Pantaskah logika kaum musyrikin kafir dijadikan manhaj atau metode berpikir dan menerapkan Islam yang benar?
Syihristani rhm berkata :
“awal syubhat yang terjadi pada makhluk adalah syubhat Iblis (semoga Alloh melaknatnya). Sumber Iblis adalah keterlaluanyya dalam ro`yu (pandangan-pandangan logika) untuk menentang nash dan upayanya lebih memilih hawa untuk menentang perintah Alloh serta kesombongannya dengan bahan mentah asal pencptaanya, yaitu api dibandingkan bahan mentah asal penciptaan Adam, yaitu tanah”. (Al Milal wa An Nihal: 1/16)
Bencana filsafat, ilmu kalam atau logika yunani ini sebenarnya dibawa ke dalam tubuh umat Islam telah dimulai sejak  masa Dinasti Umayyah (40-132 H/661-750 M) tepatnya pada masa pemerintahan Khalid Bin Yazid Bin Muawiyah (wafat thn 85 H/704 M) sebagaimana dipertegas oleh Ibn An Nadim dan Al Jahizh. (lihat: al fihrist karya Ibn An nadim, Hal: 242 dan rasa’il jahiz karya al jahiz, Hal: 93).  Akan tetapi titik terparah pengaruh Yunani ini terjadi pada masa kejayaan Daulah Abbasiyah pada masa al Ma’mun dimana pada tahun 830 H membangun Bayt al Hikmah (rumah kebijaksanaan), sebuah perpustakaan, akademi, sekaligus biro penerjemah, yang dalam berbagai hal merupakan lembaga pendidikan paling penting sejak berdirinya museum Iskandariyah pada paruh pertama abad ke-3 S.M.
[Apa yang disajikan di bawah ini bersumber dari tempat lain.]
lemma outer_limitI_closure:
  fixes A :: "nat \<Rightarrow> 'a::metric_space set"
  assumes "\<And>j. y \<in> closure (A j)"
  shows "y \<in> outer_limit A"
proof -
  have "\<forall>j. \<exists>z. z \<in> A j \<and> dist z y < inverse (real (Suc j))"
  proof
    fix j
    have "0 < inverse (real (Suc j))" by simp
    then have "\<exists>z\<in>A j. dist z y < inverse (real (Suc j))"
      using assms[of j] unfolding closure_approachable by simp
    then show "\<exists>z. z \<in> A j \<and> dist z y < inverse (real (Suc j))"
      by (simp add: Bex_def)
  qed
  then obtain z where z: "\<And>j. z j \<in> A j" "\<And>j. dist (z j) y < inverse (real (Suc j))"
    by metis
  have "\<forall>j. norm (dist (z j) y) \<le> inverse (real (Suc j))"
    using z(2) by (simp add: less_imp_le)
  then have "(\<lambda>j. dist (z j) y) \<longlonglongrightarrow> 0"
    by (rule Lim_null_comparison[OF always_eventually LIMSEQ_inverse_real_of_nat])
  then have "z \<longlonglongrightarrow> y" by (rule tendsto_dist_iff[THEN iffD2])
  then show ?thesis
    unfolding outer_limit_def using z(1) strict_mono_id by (intro CollectI exI[of _ id]) auto
qed

lemma conv_inf_memI:
  assumes "(\<lambda>k. xs k) \<longlonglongrightarrow> x" and "\<And>k. ys k \<in> F (xs k)"
    and "\<And>N. y \<in> closure (convex hull (range (\<lambda>k. ys (k + N))))"
  shows "y \<in> conv_inf F x"
  unfolding conv_inf_def
proof (rule outer_limitI_closure)
  fix j
  let ?B = "ball x (1 / real (Suc j))"
  have "0 < 1 / real (Suc j)" by simp
  then obtain N where "\<forall>k\<ge>N. dist (xs k) x < 1 / real (Suc j)"
    using assms(1) unfolding lim_sequentially by blast
  then have N: "xs k \<in> ?B" if "k \<ge> N" for k
    using that by (simp add: dist_commute)
  have "range (\<lambda>k. ys (k + N)) \<subseteq> \<Union> (F ` ?B)"
  proof (intro image_subsetI)
    fix k
    show "ys (k + N) \<in> \<Union> (F ` ?B)"
      using N[of "k + N"] assms(2)[of "k + N"] by (rule UN_I) simp
  qed
  then have "closure (convex hull (range (\<lambda>k. ys (k + N))))
      \<subseteq> closure (convex hull \<Union> (F ` ?B))"
    by (intro closure_mono hull_mono)
  then show "y \<in> closure (convex hull \<Union> (F ` ?B))"
    using assms(3) by blast
qed

theorem theorem4p9:
  fixes M :: "'a measure"
    and F :: "'m::euclidean_space \<Rightarrow> 'n::euclidean_space set"
    and xs :: "nat \<Rightarrow> 'a \<Rightarrow> 'm" and x :: "'a \<Rightarrow> 'm"
    and ys :: "nat \<Rightarrow> 'a \<Rightarrow> 'n" and y :: "'a \<Rightarrow> 'n"
  assumes "\<And>k. xs k \<in> borel_measurable M"
    and "\<And>k. ys k \<in> borel_measurable M"
    and "AE t in M. (\<lambda>k. xs k t) \<longlonglongrightarrow> x t"
    and "weak_L1_conv M ys y"
    and "\<And>k. AE t in M. ys k t \<in> F (xs k t)"
  shows "AE t in M. y t \<in> conv_inf F (x t)"
proof -
  have "AE t in M. \<forall>N. y t \<in> closure (convex hull (range (\<lambda>k. ys (k + N) t)))"
    by (subst AE_all_countable)
       (intro allI weak_L1_conv_AE_in_closure_convex_hull weak_L1_conv_shift assms(4))
  moreover have "AE t in M. \<forall>k. ys k t \<in> F (xs k t)"
    by (subst AE_all_countable) (intro allI assms(5))
  ultimately show ?thesis
    using assms(3) by eventually_elim (intro conv_inf_memI, auto)
qed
Era Penerjemahan pada masa Dinasti Abbasiyah berlangsung selama satu abad yang telah dimulai sejak 750 M. Karena kebanyakan penerjemah adalah orang yang berbahasa Aramik, maka berbagai karya Yunani pertama kali diterjemahkan ke dalam bahasa Aramik (Suriah) sebelum akhirnya diterjemahkan ke dalam bahasa Arab.
Salah satu penerjemah pertama dari bahasa Yunani adalah Abu Yahya ibn al Bathriq yang dikenal karena menerjemahkan karya-karya Galen dan Hippocrates untuk al Mansur, dan karya Ptolemius untuk khalifah lainnya. Penerjemah awal lainnya adalah seorang Suriah Kristen, Yuhanna (Yahya) ibn Masawayh, murid Jibril in Bakhtisyu, dan guru Hunayn ibn Ishaq yang diriwayatkan telah menerjemahkan beberapa manuskrip untuk al Rasyid, terutama manuskrip tentang kedokteran yang dibawa khalifah dari Ankara dan Amorium.
Hunayn ibn Ishaq disebut-sebut sebagai “ketua para penerjemah”, seorang sarjana terbesar dan figur terhormat pada masanya. Hunayn adalah penganut sekte ibadi, yaitu pemeluk Kristen Nestor dari Hirah. Dalam faktanya, Hunayn memang telah menerjemahkan naskah berbahasa Yunani ke dalam bahasa Suriah, dan rekan-rekannya melakukan langkah berikutnya, yaitu menerjemahkan ke dalam bahasa Arab. Hermeneutica karya Ariestoteles, misalnya, diterjemahkan pertama kali ke dalam bahasa Suriah oleh ayahnya, untuk selanjutnya diterjemahkannya kembali ke dalam bahasa Arab.
Seperti halnya Hunayn yang mengambil posisi terdepan dalam kelompok penerjemah dari penganut Kristen Nestor, Tsabit ibn Qurrah juga berada pada barisan pertama kelompok penerjemah lainnya yang direkrut dari orang Saba, penyembah berhala dari Harran. Prestasi besar Tsabit dilanjutkan oleh anaknya Sinan serta dua cucunya Tsabit dan Ibrahim, kemudian anak cucunya Abu al Faraj. Seluruh orang-orang tersebut dikenal sebagai penerjemah dan ilmuan.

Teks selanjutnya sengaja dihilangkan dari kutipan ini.